This article is an implementation of the paper "Expressive Number of Two or More Hidden Layer ReLU Neural Networks".
Consider a neural network with two intermediate layers, the activation function is the ReLU function, the input is n-dimensional, and the output is one-dimensional. When the number of intermediate neurons is a1 and a2 in order from the input side, there are neural network parameters that express those data with 0 error for any a1 * a2 input / output data. Here, "expressing the input / output data with an error of 0" means that when each input data is given to the neural network, a value equal to the corresponding output data is returned. In summary, ** when the training data in machine learning is a1 * a2 or less, there is always a learning convergence destination **. (However, learning does not necessarily converge just because the existence of the convergence destination can be said.) For example, when there are 10,000 output one-dimensional training data, all the data can be expressed with zero error by the ReLU neural network with 100 intermediate neurons and 100 intermediate layers and two layers. This fact does not depend on the input dimension of the data, so it doesn't matter how large the input dimension is. (If the output is not one-dimensional, it will be described later.) Since the proof is in the original paper, I will omit it, but in this article, I will introduce a program that actually displays one set of parameters that is the convergence destination. I will. First, see the execution example.
This is an example of a ReLU neural network with 5 dimensions for input, 3 and 3 intermediate neurons in order from the input side, and 1 dimension for output, and outputs parameters that represent 3 * 3 = 9 data.
$python3 NNH2.py
( 5 , 3 , 3 , 1 ) ReLU neural network
the number of data = 9
input =
[[93 59 58 20 80 57 35 21 38]
[ 4 91 47 69 98 85 68 2 15]
[14 60 31 86 37 12 23 69 42]
[ 4 14 52 98 72 60 67 51 90]
[27 12 6 32 76 63 49 41 28]]
output =
[ 1 81 17 65 25 33 45 77 10]
parameters
1st layer
W1 =
[[Fraction(823849691, 1) Fraction(4336051, 1) Fraction(28907, 1)

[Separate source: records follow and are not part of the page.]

lemma blocks_laminar: "B \<in> blocks \<Longrightarrow> D \<in> blocks \<Longrightarrow> x \<in> B \<Longrightarrow> x \<in> D \<Longrightarrow> B \<subseteq> D \<or> D \<subseteq> B"
proof -
  assume B: "B \<in> blocks" and D: "D \<in> blocks" and x: "x \<in> B" "x \<in> D"
  from B D obtain P Q where P: "P \<in> C" "B \<in> P" and Q: "Q \<in> C" "D \<in> Q"
    unfolding blocks_def by blast
  have "B \<subseteq> D"
    if PQ: "refines P Q" and B: "B \<in> P" and D: "Q \<in> C" "D \<in> Q" and x: "x \<in> B" "x \<in> D"
    for P Q B D
  proof -
    obtain D' where "D' \<in> Q" "B \<subseteq> D'" using PQ B unfolding refines_def by blast
    with D x partition_block_eq[OF chain_partition] show ?thesis by blast
  qed
  with chain_comparable[OF P(1) Q(1)] P Q x show ?thesis by blast
qed

lemma block_rank_le: "P \<in> C \<Longrightarrow> B \<in> P \<Longrightarrow> block_rank C B \<le> chain_height C P"
  unfolding block_rank_def by (rule Min_le) (use finite_chain in auto)

lemma block_in_nth_partition_rank: "B \<in> blocks \<Longrightarrow> B \<in> nth_partition (block_rank C B)"
  and block_rank_less_card: "B \<in> blocks \<Longrightarrow> block_rank C B < card C"
proof -
  assume "B \<in> blocks"
  then have "{chain_height C P | P. P \<in> C \<and> B \<in> P} \<noteq> {}"
    unfolding blocks_def by blast
  then have "block_rank C B \<in> {chain_height C P | P. P \<in> C \<and> B \<in> P}"
    unfolding block_rank_def by (rule Min_in[rotated]) (use finite_chain in auto)
  then obtain P where P: "P \<in> C" "B \<in> P" "block_rank C B = chain_height C P" by blast
  then show "B \<in> nth_partition (block_rank C B)" using nth_partition_chain_height by simp
  show "block_rank C B < card C" using P chain_height_less_card by simp
qed

lemma block_rank_le_iff:
  assumes B: "B \<in> blocks" and k: "k < card C"
  shows "block_rank C B \<le> k \<longleftrightarrow> (\<exists>D\<in>nth_partition k. B \<subseteq> D)"
proof
  assume "block_rank C B \<le> k"
  then have "refines (nth_partition (block_rank C B)) (nth_partition k)"
    using nth_partition_refines k by blast
  with block_in_nth_partition_rank[OF B] show "\<exists>D\<in>nth_partition k. B \<subseteq> D"
    unfolding refines_def by blast
next
  assume "\<exists>D\<in>nth_partition k. B \<subseteq> D"
  then obtain D where D: "D \<in> nth_partition k" "B \<subseteq> D" by blast
  obtain P where P: "P \<in> C" "B \<in> P" using B unfolding blocks_def by blast
  show "block_rank C B \<le> k"
  proof (cases "chain_height C P \<le> k")
    case True
    with block_rank_le[OF P] show ?thesis by simp
  next
    case False
    then have "refines (nth_partition k) P"
      using refines_if_chain_height_le nth_partition_in_chain chain_height_nth_partition k P(1)
      by simp
    then obtain D' where "D' \<in> P" "D \<subseteq> D'" using D(1) unfolding refines_def by blast
    with D P have "B = D"
      using partition_block_subset_eq[OF chain_partition[OF P(1)]] by blast
    with D(1) have "block_rank C B \<le> chain_height C (nth_partition k)"
      using block_rank_le nth_partition_in_chain k by blast
    with k show ?thesis by (simp add: chain_height_nth_partition)
  qed
qed

lemma block_rank_mono: "B \<in> blocks \<Longrightarrow> E \<in> blocks \<Longrightarrow> B \<subseteq> E \<Longrightarrow> block_rank C B \<le> block_rank C E"
  using block_rank_le_iff block_in_nth_partition_rank block_rank_less_card by blast

lemma block_rank_strict_mono:
  assumes B: "B \<in> blocks" and E: "E \<in> blocks" and BE: "B \<subset> E"
  shows "block_rank C B < block_rank C E"
proof (rule ccontr)
  assume "\<not> ?thesis"
  with block_rank_mono[OF B E] BE have "block_rank C B = block_rank C E" by simp
  then have "B \<in> nth_partition (block_rank C E)" "E \<in> nth_partition (block_rank C E)"
    using block_in_nth_partition_rank B E by metis+
  then have "B = E"
    using BE partition_block_subset_eq partition_on_nth_partition block_rank_less_card[OF E]
    by blast
  with BE show False by simp
qed

lemma block_rank_image:
  assumes "X \<noteq> {}"
  shows "block_rank C ` blocks = {..<card C}"
proof
  show "block_rank C ` blocks \<subseteq> {..<card C}" using block_rank_less_card by blast
  have "\<exists>B\<in>nth_partition k. block_rank C B = k" if k: "k < card C" for k
  proof (cases k)
    case 0
    obtain x where "x \<in> X" using assms by blast
    then obtain B where "B \<in> nth_partition k"
      using partition_onD1[OF partition_on_nth_partition[OF k]] by blast
    with 0 k show ?thesis
      using block_rank_le[OF nth_partition_in_chain[OF k]] chain_height_nth_partition by fastforce
  next
    case (Suc j)
    have "nth_partition j \<noteq> nth_partition k"
      using chain_height_nth_partition k Suc by (metis Suc_lessD n_not_Suc_n)
    then have "\<not> nth_partition k \<subseteq> nth_partition j"
      using partition_subset_eq chain_partition nth_partition_in_chain k Suc by (metis Suc_lessD)
    then obtain B where B: "B \<in> nth_partition k" "B \<notin> nth_partition j" by blast
    then have Bb: "B \<in> blocks" using nth_partition_block[OF k] by blast
    have "block_rank C B \<le> k" using block_rank_le_iff[OF Bb k] B(1) by blast
    moreover have "\<not> block_rank C B \<le> j"
    proof
      assume "block_rank C B \<le> j"
      then obtain D where D: "D \<in> nth_partition j" "B \<subseteq> D"
        using block_rank_le_iff[OF Bb] k Suc by auto
      then obtain D' where "D' \<in> nth_partition k" "D \<subseteq> D'"
        using nth_partition_refines[of j k] k Suc unfolding refines_def by auto
      with B D have "B = D"
        using partition_block_subset_eq[OF partition_on_nth_partition[OF k]] by blast
      with B D show False by simp
    qed
    ultimately have "block_rank C B = k" using Suc by simp
    with B(1) show ?thesis by blast
  qed
  then show "{..<card C} \<subseteq> block_rank C ` blocks"
    unfolding blocks_def using nth_partition_in_chain by fastforce
qed
lemma tape_invariant_t:
  assumes "tape_invariant k n x h"
  shows "tape_invariant k (Suc n) x (h + 1)"
proof -
  obtain lo hi ds where len: "length ds = lo + hi + 1" and h: "- int lo \<le> h" "h \<le> int hi"
    and val: "x * of_nat k ^ lo = of_int (digits_value k ds)" and cost: "digits_cost ds \<le> n + nat \<bar>h\<bar> + 2"
    using assms unfolding tape_invariant_def by blast
  show ?thesis
  proof (cases "h = int hi")
    case True
    have "length (ds @ [0]) = lo + Suc hi + 1" and "digits_cost (ds @ [0]) \<le> Suc n + nat \<bar>h + 1\<bar> + 2"
      using len cost True by (simp_all add: digits_cost_append)
    moreover have "x * of_nat k ^ lo = of_int (digits_value k (ds @ [0]))"
      using val by (simp add: digits_value_append)
    ultimately show ?thesis
      unfolding tape_invariant_def using h True
      by (intro exI[of _ lo] exI[of _ "Suc hi"] exI[of _ "ds @ [0]"]) simp
  next
    case False
    then show ?thesis
      unfolding tape_invariant_def using len h val cost by (intro exI[of _ lo] exI[of _ hi] exI[of _ ds]) auto
  qed
qed

lemma tape_invariant_t_inv:
  assumes "tape_invariant k n x h"
  shows "tape_invariant k (Suc n) x (h - 1)"
proof -
  obtain lo hi ds where len: "length ds = lo + hi + 1" and h: "- int lo \<le> h" "h \<le> int hi"
    and val: "x * of_nat k ^ lo = of_int (digits_value k ds)" and cost: "digits_cost ds \<le> n + nat \<bar>h\<bar> + 2"
    using assms unfolding tape_invariant_def by blast
  show ?thesis
  proof (cases "h = - int lo")
    case True
    have "length (0 # ds) = Suc lo + hi + 1" and "digits_cost (0 # ds) \<le> Suc n + nat \<bar>h - 1\<bar> + 2"
      using len cost True by simp_all
    moreover have "x * of_nat k ^ Suc lo = of_int (digits_value k (0 # ds))"
      using val by simp
    ultimately show ?thesis
      unfolding tape_invariant_def using h True by (intro exI[of _ "Suc lo"] exI[of _ hi] exI[of _ "0 # ds"]) auto
  next
    case False
    then show ?thesis
      unfolding tape_invariant_def using len h val cost by (intro exI[of _ lo] exI[of _ hi] exI[of _ ds]) auto
  qed
qed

Fraction(149, 1) Fraction(1, 1)]
[Fraction(823849691, 1) Fraction(4336051, 1) Fraction(28907, 1)
Fraction(149, 1) Fraction(1, 1)]
[Fraction(823849691, 1) Fraction(4336051, 1) Fraction(28907, 1)
Fraction(149, 1) Fraction(1, 1)]]
b1 =
[[Fraction(-16778681974, 1)]
[Fraction(-60502822101, 2)]
[Fraction(-48495714637, 1)]]
2nd layer
W2 =
[[Fraction(148, 1) Fraction(-9237952317912, 35473138591)
Fraction(4049615396998340012232, 18010928872046123981)]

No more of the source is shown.